Legislators see 2022 as the year in which social media will be restricted. Others fear that politics will get in the way
The momentum of state social media regulation in 2022 appears to be developing, with the public supporting the effort and legislators optimistic about progress.
For a new one opinion poll According to Morning Consult, 56 percent of US adults said they support government regulation of social media companies – up 4 percentage points from that an October poll.
And public opinion is negative about social media companies’ efforts to improve user safety: 61 percent of the public said platforms aren’t doing enough to keep users safe, compared to just 21 percent who said that they do enough.
However, industry observers warned of a bumpy road to go as partisan squabbles could undo regulatory efforts. That could mean that even if the legislature agrees that something needs to be done at national level, it could be prevented as they disagree on the fundamental issues and how to resolve them.
“I think if there is legislation it will be very broad to try to compromise and bridge this really big gap between the two parties,” said Ashley Johnson, senior policy analyst at the Information Technology and Innovation Foundation . “And I think that if there is very broad legislation, the internet is likely to suffer.”
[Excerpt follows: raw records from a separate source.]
(* Let $\|\cdot\|$ be a norm on $\mathbb{M}_n$. Then the class of all $M$-norms $\||\cdot\||$ on $\mathbb{M}_n$ with $\||A\||\le\|A\|$ for all $A\in\mathbb{M}_n$ has a maximum element.
   Context: $\mathbb{M}_n$ is the algebra of complex $n\times n$ matrices with identity $I$. A norm $\||\cdot\||$ on $\mathbb{M}_n$ is an $M$-norm if $\left\||\sum_{i=1}^k C_i^*X_iC_i\right\||\le \max_{1\le i\le k}\||X_i\||$ for all $k$, all $X_i\in\mathbb{M}_n$ and all $C_i\in\mathbb{M}_n$ with $\sum_{i=1}^k C_i^*C_i=I$. Inequalities between norms are pointwise. *)

theory Defs
  imports "HOL-Analysis.Analysis"
begin

definition adjoint_mat :: "complex^'n^'n \<Rightarrow> complex^'n^'n" where
  "adjoint_mat A = (\<chi> i j. cnj (A $ j $ i))"

definition is_matrix_norm :: "(complex^'n^'n \<Rightarrow> real) \<Rightarrow> bool" where
  "is_matrix_norm N \<longleftrightarrow>
     (\<forall>A. 0 \<le> N A) \<and> (\<forall>A. N A = 0 \<longleftrightarrow> A = 0) \<and>
     (\<forall>c A. N (\<chi> i j. c * A $ i $ j) = cmod c * N A) \<and>
     (\<forall>A B. N (A + B) \<le> N A + N B)"

definition is_M_norm :: "(complex^'n^'n \<Rightarrow> real) \<Rightarrow> bool" where
  "is_M_norm N \<longleftrightarrow> is_matrix_norm N \<and>
     (\<forall>(k::nat) (X::nat \<Rightarrow> complex^'n^'n) (C::nat \<Rightarrow> complex^'n^'n).
        0 < k \<longrightarrow> (\<Sum>i<k. adjoint_mat (C i) ** C i) = mat 1 \<longrightarrow>
        N (\<Sum>i<k. adjoint_mat (C i) ** X i ** C i) \<le> Max ((\<lambda>i. N (X i)) ` {..<k}))"

end

theory Submission
  imports Defs
begin

text \<open>The pointwise supremum of a nonempty family of M-norms that is bounded above is again
  an M-norm, so the supremum of all M-norms below the given norm is the maximum, provided
  at least one such M-norm exists. A witness is a small multiple of the numerical radius
  \<open>w(A) = sup |\<langle>x, A x\<rangle>| / \<parallel>x\<parallel>\<^sup>2\<close>: it is an M-norm because
  \<open>\<langle>x, (\<Sum> C\<^sub>i\<^sup>* X\<^sub>i C\<^sub>i) x\<rangle> = \<Sum> \<langle>C\<^sub>i x, X\<^sub>i C\<^sub>i x\<rangle>\<close> with \<open>\<Sum> \<parallel>C\<^sub>i x\<parallel>\<^sup>2 = \<parallel>x\<parallel>\<^sup>2\<close>, and it is dominated by
  a multiple of every norm since all norms on the finite-dimensional matrix space are
  equivalent.\<close>

definition cinner :: "complex^'n \<Rightarrow> complex^'n \<Rightarrow> complex" where
  "cinner x y = (\<Sum>j\<in>UNIV. cnj (x$j) * y$j)"

definition quad_form :: "complex^'n^'n \<Rightarrow> complex^'n \<Rightarrow> complex" where
  "quad_form A x = cinner x (A *v x)"

lemma cinner_add_right: "cinner x (y + z) = cinner x y + cinner x z"
  unfolding cinner_def by (simp add: distrib_left sum.distrib)

lemma norm_vec_power2: "(norm x)\<^sup>2 = (\<Sum>j\<in>UNIV. (norm (x$j))\<^sup>2)"
  unfolding norm_vec_def L2_set_def by (simp add: sum_nonneg)

lemma cinner_self: "cinner x x = of_real ((norm x)\<^sup>2)"
proof -
  have "cnj (x$j) * x$j = of_real ((cmod (x$j))\<^sup>2)" for j
    using complex_norm_square[of "x$j"] by (simp add: mult.commute)
  then show ?thesis
    unfolding cinner_def norm_vec_power2 by simp
qed

lemma cinner_adjoint_mat: "cinner x (adjoint_mat C *v y) = cinner (C *v x) y"
proof -
  have "cinner x (adjoint_mat C *v y) = (\<Sum>j\<in>UNIV. \<Sum>l\<in>UNIV. cnj (x$j) * (cnj (C$l$j) * y$l))"
    unfolding cinner_def adjoint_mat_def matrix_vector_mult_def by (simp add: sum_distrib_left)
  also have "\<dots> = (\<Sum>l\<in>UNIV. \<Sum>j\<in>UNIV. cnj (x$j) * (cnj (C$l$j) * y$l))"
    by (rule sum.swap)
  also have "\<dots> = cinner (C *v x) y"
    unfolding cinner_def matrix_vector_mult_def by (simp add: sum_distrib_left sum_distrib_right mult_ac)
  finally show ?thesis .
qed

lemma cinner_axis_mat: "cinner (axis i 1) (A *v axis j 1) = A$i$j"
  unfolding cinner_def axis_def matrix_vector_mult_def
  by (simp add: if_distrib[of "\<lambda>t. _ * t"] if_distrib[of cnj] if_distrib[of "\<lambda>t. t * _"] cong: if_cong)

lemma quad_form_add: "quad_form (A + B) x = quad_form A x + quad_form B x"
  unfolding quad_form_def by (simp add: matrix_vector_mult_add_rdistrib cinner_add_right)

lemma quad_form_sum: "quad_form (\<Sum>i\<in>I. A i) x = (\<Sum>i\<in>I. quad_form (A i) x)"
proof (induction I rule: infinite_finite_induct)
  case (infinite I)
  then show ?case by (simp add: quad_form_def cinner_def matrix_vector_mult_def)
next
  case empty
  then show ?case by (simp add: quad_form_def cinner_def matrix_vector_mult_def)
next
  case (insert i I)
  then show ?case by (simp add: quad_form_add)
qed

lemma quad_form_mat_1: "quad_form (mat 1) x = of_real ((norm x)\<^sup>2)"
  by (simp add: quad_form_def cinner_self)

lemma quad_form_congruence: "quad_form (adjoint_mat C ** X ** C) x = quad_form X (C *v x)"
  unfolding quad_form_def by (simp add: matrix_vector_mul_assoc[symmetric] cinner_adjoint_mat)

lemma quad_form_expand: "quad_form A x = (\<Sum>j\<in>UNIV. \<Sum>l\<in>UNIV. cnj (x$j) * A$j$l * x$l)"
  unfolding quad_form_def cinner_def matrix_vector_mult_def by (simp add: sum_distrib_left mult_ac)

lemma quad_form_scale: "quad_form (\<chi> i j. c * A$i$j) x = c * quad_form A x"
  unfolding quad_form_expand by (simp add: sum_distrib_left mult_ac)

lemma quad_form_polarization:
  "quad_form A (x + c *s y) =
     quad_form A x + c * cinner x (A *v y) + cnj c * cinner y (A *v x) + cnj c * c * quad_form A y"
  unfolding quad_form_def cinner_def matrix_vector_mult_def
  by (simp add: algebra_simps sum.distrib sum_distrib_left)

lemma quad_form_eq_0_imp_eq_0:
  assumes "\<And>x. quad_form A x = 0"
  shows "A = 0"
proof -
  have "A$i$j = 0" for i j
  proof -
    have "c * A$i$j + cnj c * A$j$i = 0" for c
      using quad_form_polarization[of A "axis i 1" c "axis j 1"] assms by (simp add: cinner_axis_mat)
    \<comment> \<open>\<open>c = 1\<close> and \<open>c = \<i>\<close> separate \<open>A$i$j\<close> from \<open>A$j$i\<close>\<close>
    from this[of 1] this[of \<i>] show ?thesis by (simp add: algebra_simps)
  qed
  then show ?thesis by (simp add: vec_eq_iff)
qed
lemma closure_Pset_orbit_returns:
  assumes "(c, 0) \<in> closure (Pset j)" "c \<noteq> 0" "j \<ge> 1"
  obtains i where "1 \<le> i" "i \<le> j" "(fcd c 0 ^^ i) (Some 0) = Some 0"
proof -
  obtain cs ds where P: "\<And>n. (cs n, ds n) \<in> Pset j" and cs: "cs \<longlonglongrightarrow> c" and ds: "ds \<longlonglongrightarrow> 0"
    using closure_pair_sequential[OF assms(1)] by blast
  have "sphere_tendsto (\<lambda>n. fcd (cs n) (ds n) (Some 0)) (fcd c 0 (Some 0))"
    by (simp add: fcd_def sphere_tendsto_def)
  moreover have "sphere_tendsto (\<lambda>n. (fcd (cs n) (ds n) ^^ j) (Some 0)) (Some 0)"
  proof (rule sphere_tendsto_SomeI)
    have orbit: "(fcd (cs n) (ds n) ^^ j) (Some 0) = crit (cs n) (ds n)" for n
      using P[of n] by (simp add: Pset_def)
    show "eventually (\<lambda>n. (fcd (cs n) (ds n) ^^ j) (Some 0) = Some (- 2 * ds n / cs n)) sequentially"
      using tendsto_imp_eventually_ne[OF cs assms(2)] by eventually_elim (simp add: orbit crit_def)
    show "(\<lambda>n. - 2 * ds n / cs n) \<longlonglongrightarrow> 0"
      using tendsto_divide[OF tendsto_mult[OF tendsto_const ds] cs assms(2), of "- 2"] by simp
  qed
  ultimately show thesis
    by (rule limit_orbit_hits_zero[OF cs ds _ _ assms(3)]) (rule that)
qed

lemma closure_Qset_orbit_returns:
  assumes "(c, 0) \<in> closure (Qset j)" "c \<noteq> 0" "j \<ge> 1"
  obtains i where "1 \<le> i" "i \<le> j" "(fcd c 0 ^^ i) (Some 0) = Some 0"
proof -
  obtain cs ds where Q: "\<And>n. (cs n, ds n) \<in> Qset j" and cs: "cs \<longlonglongrightarrow> c" and ds: "ds \<longlonglongrightarrow> 0"
    using closure_pair_sequential[OF assms(1)] by blast
  have d: "ds n \<noteq> 0" for n
    using Q[of n] by (simp add: Qset_def)
  have "sphere_tendsto (\<lambda>n. fcd (cs n) (ds n) (crit (cs n) (ds n))) (fcd c 0 (Some 0))"
  proof -
    have lim: "(\<lambda>n. 4 * ds n - cs n ^ 2) \<longlonglongrightarrow> 4 * 0 - c ^ 2"
      by (intro tendsto_intros cs ds)
    have lim_ne: "4 * 0 - c ^ 2 \<noteq> 0"
      using assms(2) by simp
    have "eventually (\<lambda>n. cs n \<noteq> 0 \<and> 4 * ds n - cs n ^ 2 \<noteq> 0) sequentially"
      using tendsto_imp_eventually_ne[OF cs assms(2)] tendsto_imp_eventually_ne[OF lim lim_ne]
      by (simp add: eventually_conj)
    then have "eventually (\<lambda>n. fcd (cs n) (ds n) (crit (cs n) (ds n)) =
        Some ((4 * ds n - cs n ^ 2) / (4 * ds n)) \<and> (4 * ds n - cs n ^ 2) / (4 * ds n) \<noteq> 0) sequentially"
      by eventually_elim (simp add: fcd_crit d)
    moreover have "(\<lambda>n. inverse ((4 * ds n - cs n ^ 2) / (4 * ds n))) \<longlonglongrightarrow> 0"
      using tendsto_divide[OF tendsto_mult[OF tendsto_const ds] lim] assms(2) by simp
    ultimately have "sphere_tendsto (\<lambda>n. fcd (cs n) (ds n) (crit (cs n) (ds n))) None"
      by (rule sphere_tendsto_NoneI)
    then show ?thesis
      by (simp add: fcd_def)
  qed
  moreover have "sphere_tendsto (\<lambda>n. (fcd (cs n) (ds n) ^^ j) (crit (cs n) (ds n))) (Some 0)"
    using Q by (intro sphere_tendsto_SomeI[where F = "\<lambda>n. 0"]) (simp_all add: Qset_def)
  ultimately show thesis
    by (rule limit_orbit_hits_zero[OF cs ds _ _ assms(3)]) (rule that)
qed
lemma rest_point_propagates:
  assumes "0 < x" "\<forall>z\<in>{x<..<y}. z \<noteq> d \<and> cost z = c"
    and "s \<in> {x..y}" "h s = rest_level c" "dh s = 0" "z \<in> {x..y}"
  shows "h z = rest_level c \<and> dh z = 0"
proof -
  define L where "L = rest_level c"
  define w where "w z = (h z - L)\<^sup>2 + (dh z)\<^sup>2" for z
  define w' where "w' z = 2 * (h z - L) * dh z + 2 * dh z * d2h z" for z
  define C where "C = 2 * (r + \<bar>\<mu>\<bar> + u0) / \<sigma>\<^sup>2"
  have "0 \<le> C" using r_pos u0_pos by (simp add: C_def)
  have "continuous_on {x..y} w"
    unfolding w_def using assms(1)
    by (intro continuous_intros continuous_on_subset[OF continuous_on_h]
        continuous_on_subset[OF continuous_on_dh]) auto
  moreover have "(w has_real_derivative w' z) (at z)" if "z \<in> {x<..<y}" for z
  proof -
    have "0 < z" "z \<noteq> d" using that assms(1,2) by auto
    then have "(h has_real_derivative dh z) (at z)" "(dh has_real_derivative d2h z) (at z)"
      by (simp_all add: h_has_derivative dh_has_derivative)
    then show ?thesis
      unfolding w_def w'_def by (auto intro!: derivative_eq_intros)
  qed
  moreover have "\<bar>w' z\<bar> \<le> (1 + 3 * C) * w z" if "z \<in> {x<..<y}" for z
  proof -
    have "\<bar>\<sigma>\<^sup>2 / 2 * d2h z\<bar> \<le> (r + \<bar>\<mu>\<bar> + u0) * (\<bar>h z - L\<bar> + \<bar>dh z\<bar>)"
      using hjb_deviation_le[of z c] assms(1,2) that by (simp add: L_def)
    then have "\<bar>d2h z\<bar> \<le> C * (\<bar>h z - L\<bar> + \<bar>dh z\<bar>)"
      using sigma_pos by (simp add: C_def abs_mult field_simps)
    from abs_energy_derivative_le[OF \<open>0 \<le> C\<close> this] show ?thesis
      by (simp add: w_def w'_def)
  qed
  moreover have "w s = 0" using assms(4,5) by (simp add: w_def L_def)
  ultimately have "w z = 0"
    using gronwall_zero[of x y w w' "1 + 3 * C" s z] assms(3,6) by (simp add: w_def)
  then show ?thesis
    by (simp add: w_def L_def add_nonneg_eq_0_iff)
qed
(* Let $A,B\in\mathbb{R}_+^{n\times n}$ be circulant matrices with $\lambda(A)=\lambda(B)\ne0$ and $A\le B$. Then $$x\in\mathrm{Attr}(B)\iff B^{n^2}_{i\bullet}\otimes x=B^{n^2}_{j\bullet}\otimes x\ \text{ for all } i,j\in\{1,\dots,n\}\text{ with } i\sim_A j.$$
   Context: Max algebra on $\mathbb{R}_+$: $\oplus=\max$, ordinary product; $B^t$ max-algebraic power, $B^t_{i\bullet}$ its $i$-th row, $B^t_{i\bullet}\otimes x=\max_k(B^t)_{i,k}x_k$. $\lambda(\cdot)$: greatest max-algebraic eigenvalue (maximum cycle geometric mean). $\mathrm{Attr}(B)=\{x\in\mathbb{R}_+^n: B^{t+1}\otimes x=\lambda(B)B^t\otimes x\text{ for some }t\ge0\}$. The critical digraph $\mathcal{C}(A)$ consists of nodes and edges of the cycles of the weighted digraph of $A$ whose geometric mean equals $\lambda(A)$; $i\sim_A j$ means $i$ and $j$ lie in the same strongly connected component of $\mathcal{C}(A)$. Circulant: $A_{i,j}=a_t$ with $t\equiv j-i\pmod n$, $t\in\{0,\dots,n-1\}$. *)

theory Defs
  imports Complex_Main
begin

text \<open>An n x n matrix is a function
  nat \<Rightarrow> nat \<Rightarrow> real, only the entries with indices in {0..<n} matter
  (index i here corresponds to i+1 in the paper).\<close>

definition mmult :: "nat \<Rightarrow> (nat \<Rightarrow> nat \<Rightarrow> real) \<Rightarrow> (nat \<Rightarrow> nat \<Rightarrow> real) \<Rightarrow> nat \<Rightarrow> nat \<Rightarrow> real" where
  "mmult n A B i j = Max ((\<lambda>k. A i k * B k j) ` {0..<n})"

definition mone :: "nat \<Rightarrow> nat \<Rightarrow> real" where
  "mone i j = (if i = j then 1 else 0)"

primrec mpow :: "nat \<Rightarrow> (nat \<Rightarrow> nat \<Rightarrow> real) \<Rightarrow> nat \<Rightarrow> nat \<Rightarrow> nat \<Rightarrow> real" where
  "mpow n A 0 = mone"
| "mpow n A (Suc t) = mmult n A (mpow n A t)"
lemma anchor_Z_unique:
  fixes Z u :: "real \<Rightarrow> 'a::euclidean_space"
  assumes Z: "continuous_on {0..<T} Z" "Z 0 = 0"
    and dZ: "\<And>s. s \<in> {0<..<T} \<Longrightarrow>
      (Z has_vector_derivative (- (1 / (T - s)) *\<^sub>R Z s - (1 / (T - s)) *\<^sub>R u s)) (at s)"
    and t: "t \<in> {0..<T}"
  shows "Z t = anchor_Z T u t"
proof (cases "t = 0")
  case True
  then show ?thesis using t Z(2) by (simp add: anchor_Z_0)
next
  case False
  then have t: "0 < t" "t < T" using t by auto
  define q where "q = (\<lambda>s. (1 / (T - s)) *\<^sub>R Z s)"
  have "((\<lambda>s. - ((1 / (T - s)^2) *\<^sub>R u s)) has_integral (q t - q 0)) {0..t}"
  proof (rule fundamental_theorem_of_calculus_interior)
    have "continuous_on {0..t} (\<lambda>s. 1 / (T - s))" using t by (intro continuous_intros) auto
    then show "continuous_on {0..t} q"
      unfolding q_def
      by (rule continuous_on_scaleR) (rule continuous_on_subset[OF Z(1)], use t in auto)
    fix s assume s: "s \<in> {0<..<t}"
    then have "((\<lambda>s. 1 / (T - s)) has_real_derivative 1 / (T - s)^2) (at s)"
      using t by (auto intro!: derivative_eq_intros simp: power2_eq_square)
    moreover have "(Z has_vector_derivative (- (1 / (T - s)) *\<^sub>R Z s - (1 / (T - s)) *\<^sub>R u s)) (at s)"
      using s t by (intro dZ) auto
    ultimately have "(q has_vector_derivative
        (1 / (T - s)) *\<^sub>R (- (1 / (T - s)) *\<^sub>R Z s - (1 / (T - s)) *\<^sub>R u s)
          + (1 / (T - s)^2) *\<^sub>R Z s) (at s)"
      unfolding q_def by (rule has_vector_derivative_scaleR)
    moreover have "(1 / (T - s)) *\<^sub>R (- (1 / (T - s)) *\<^sub>R Z s - (1 / (T - s)) *\<^sub>R u s)
        + (1 / (T - s)^2) *\<^sub>R Z s = - ((1 / (T - s)^2) *\<^sub>R u s)"
      by (simp add: scaleR_diff_right power2_eq_square)
    ultimately show "(q has_vector_derivative - ((1 / (T - s)^2) *\<^sub>R u s)) (at s)"
      by simp
  qed (use t in simp)
  from has_integral_neg[OF this]
  have "integral {0..t} (\<lambda>s. (1 / (T - s)^2) *\<^sub>R u s) = - q t"
    using Z(2) by (simp add: q_def integral_unique)
  then show ?thesis
    using t by (simp add: anchor_Z_def q_def)
qed
lemma maximal_gap_set_eq:
  assumes lf: "locally_finite P" and le: "\<And>y. \<zeta>0 y \<le> \<sigma>0 y + ereal c"
    and max: "\<And>x. \<exists>y. is_maximizer \<zeta>0 P x t y"
  shows "{x. proc \<zeta>0 P x t = proc \<sigma>0 P x t + ereal c} =
         {x. \<exists>y. is_maximizer \<sigma>0 P x t y \<and> \<zeta>0 y = \<sigma>0 y + ereal c}"
proof -
  have "proc \<zeta>0 P x t = proc \<sigma>0 P x t + ereal c \<longleftrightarrow>
        (\<exists>y. is_maximizer \<sigma>0 P x t y \<and> \<zeta>0 y = \<sigma>0 y + ereal c)" for x
  proof
    assume eq: "proc \<zeta>0 P x t = proc \<sigma>0 P x t + ereal c"
    obtain y where y: "is_maximizer \<zeta>0 P x t y"
      using max by blast
    have zy: "\<zeta>0 y = \<sigma>0 y + ereal c"
      using le proc_gap_imp_maximizer_gap[OF lf y] eq by (metis order_refl antisym)
    have "proc \<sigma>0 P x t + ereal c = (\<sigma>0 y + Hpp P y x t) + ereal c"
      using eq y zy by (simp add: is_maximizer_def ac_simps)
    then have "proc \<sigma>0 P x t = \<sigma>0 y + Hpp P y x t"
      by (simp add: ereal_add_cancel_right)
    then show "\<exists>y. is_maximizer \<sigma>0 P x t y \<and> \<zeta>0 y = \<sigma>0 y + ereal c"
      using y zy by (auto simp: is_maximizer_def)
  next
    assume "\<exists>y. is_maximizer \<sigma>0 P x t y \<and> \<zeta>0 y = \<sigma>0 y + ereal c"
    then have "proc \<sigma>0 P x t + ereal c \<le> proc \<zeta>0 P x t"
      by (metis maximizer_gap_imp_proc_gap order_refl)
    then show "proc \<zeta>0 P x t = proc \<sigma>0 P x t + ereal c"
      using proc_le_add_const le by (metis antisym)
  qed
  then show ?thesis
    by blast
qed

lemma zstar_cases:
  assumes "a \<in> zstar"
  obtains (int) k :: int where "a = ereal (of_int k)" | (PInf) "a = \<infinity>" | (MInf) "a = -\<infinity>"
  using assms unfolding zstar_def by blast

lemma zstar_add_nat:
  assumes "a \<in> zstar"
  shows "a + ereal (real n) \<in> zstar"
  using assms
proof (cases rule: zstar_cases)
  case (int k)
  then have "a + ereal (real n) = ereal (of_int (k + int n))"
    by simp
  then show ?thesis
    unfolding zstar_def by blast
qed (simp_all add: zstar_def)

lemma zstar_le_le_add_one:
  assumes a: "a \<in> zstar" and b: "b \<in> zstar" and "a \<le> b" "b \<le> a + 1"
  shows "b = a \<or> b = a + 1"
  using a
proof (cases rule: zstar_cases)
  case (int k)
  from b show ?thesis
  proof (cases rule: zstar_cases)
    case (int j)
    with \<open>a = ereal (of_int k)\<close> \<open>a \<le> b\<close> \<open>b \<le> a + 1\<close> have "k \<le> j" "j \<le> k + 1"
      by (simp_all add: one_ereal_def)
    then have "j = k \<or> j = k + 1"
      by linarith
    then show ?thesis
      using \<open>a = ereal (of_int k)\<close> \<open>b = ereal (of_int j)\<close> by (auto simp: one_ereal_def)
  qed (use int assms in auto)
qed (use assms in auto)
lemma monom_cong_cyclo3:
  "[monom c e = [:c * of_int (leg3 (1 - int e)), c * of_int (leg3 (int e)):]] (mod cyclo3)"
proof -
  have "[:0, 1:] ^ 3 - 1 = cyclo3 * [:-1, 1:]"
    by (simp add: cyclo3_def numeral_3_eq_3 one_pCons)
  then have X3: "[[:0, 1:] ^ 3 = 1] (mod cyclo3)"
    unfolding cong_iff_dvd_diff by (metis dvd_triv_left)
  have "[:0, 1:] ^ 2 - [:-1, -1:] = cyclo3"
    by (simp add: cyclo3_def numeral_2_eq_2 one_pCons)
  then have X2: "[[:0, 1:] ^ 2 = [:-1, -1:]] (mod cyclo3)"
    unfolding cong_iff_dvd_diff by (metis dvd_refl)
  have "monom c e = [:c:] * ([:0, 1:] ^ 3) ^ (e div 3) * [:0, 1:] ^ (e mod 3)"
    by (simp add: monom_altdef mult.assoc flip: power_mult power_add)
  also have "[\<dots> = [:c:] * 1 ^ (e div 3) * [:0, 1:] ^ (e mod 3)] (mod cyclo3)"
    by (intro cong_mult cong_pow X3 cong_refl)
  finally have reduced: "[monom c e = [:c:] * [:0, 1:] ^ (e mod 3)] (mod cyclo3)"
    by simp
  have "e mod 3 = 0 \<or> e mod 3 = 1 \<or> e mod 3 = 2"
    by arith
  then show ?thesis
  proof (elim disjE)
    assume "e mod 3 = 0"
    moreover from this have "leg3 (1 - int e) = 1" "leg3 (int e) = 0"
      unfolding leg3_def by presburger+
    ultimately show ?thesis
      using reduced by simp
  next
    assume "e mod 3 = 1"
    moreover from this have "leg3 (1 - int e) = 0" "leg3 (int e) = 1"
      unfolding leg3_def by presburger+
    ultimately show ?thesis
      using reduced by simp
  next
    assume "e mod 3 = 2"
    moreover from this have "leg3 (1 - int e) = -1" "leg3 (int e) = -1"
      unfolding leg3_def by presburger+
    moreover have "[[:c:] * [:0, 1:] ^ 2 = [:c:] * [:-1, -1:]] (mod cyclo3)"
      by (intro cong_mult cong_refl X2)
    ultimately show ?thesis
      using reduced by (auto elim: cong_trans)
  qed
qed

lemma linear_cong_cyclo3_iff:
  "[[:a, b:] = [:c, d:]] (mod cyclo3) \<longleftrightarrow> a = c \<and> b = d"
proof
  assume "[[:a, b:] = [:c, d:]] (mod cyclo3)"
  then have dvd: "cyclo3 dvd [:a - c, b - d:]"
    by (simp add: cong_iff_dvd_diff)
  have "[:a - c, b - d:] = 0"
  proof (rule ccontr)
    assume "[:a - c, b - d:] \<noteq> 0"
    from dvd_imp_degree_le[OF dvd this] show False
      by (simp add: cyclo3_def split: if_splits)
  qed
  then show "a = c \<and> b = d"
    by simp
qed simp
Content moderation: too much or too little?
Before regulations can be pushed forward in Congress, there remains an important sticking point between the two parties on social media: How to approach content moderation.
The Democrats, for the most part, believe that social media companies should do more to remove dangerous content, including misinformation and posts promoting violence and harassment. Through the legislation, the Democrats believe they can get social media platforms to clean up their content.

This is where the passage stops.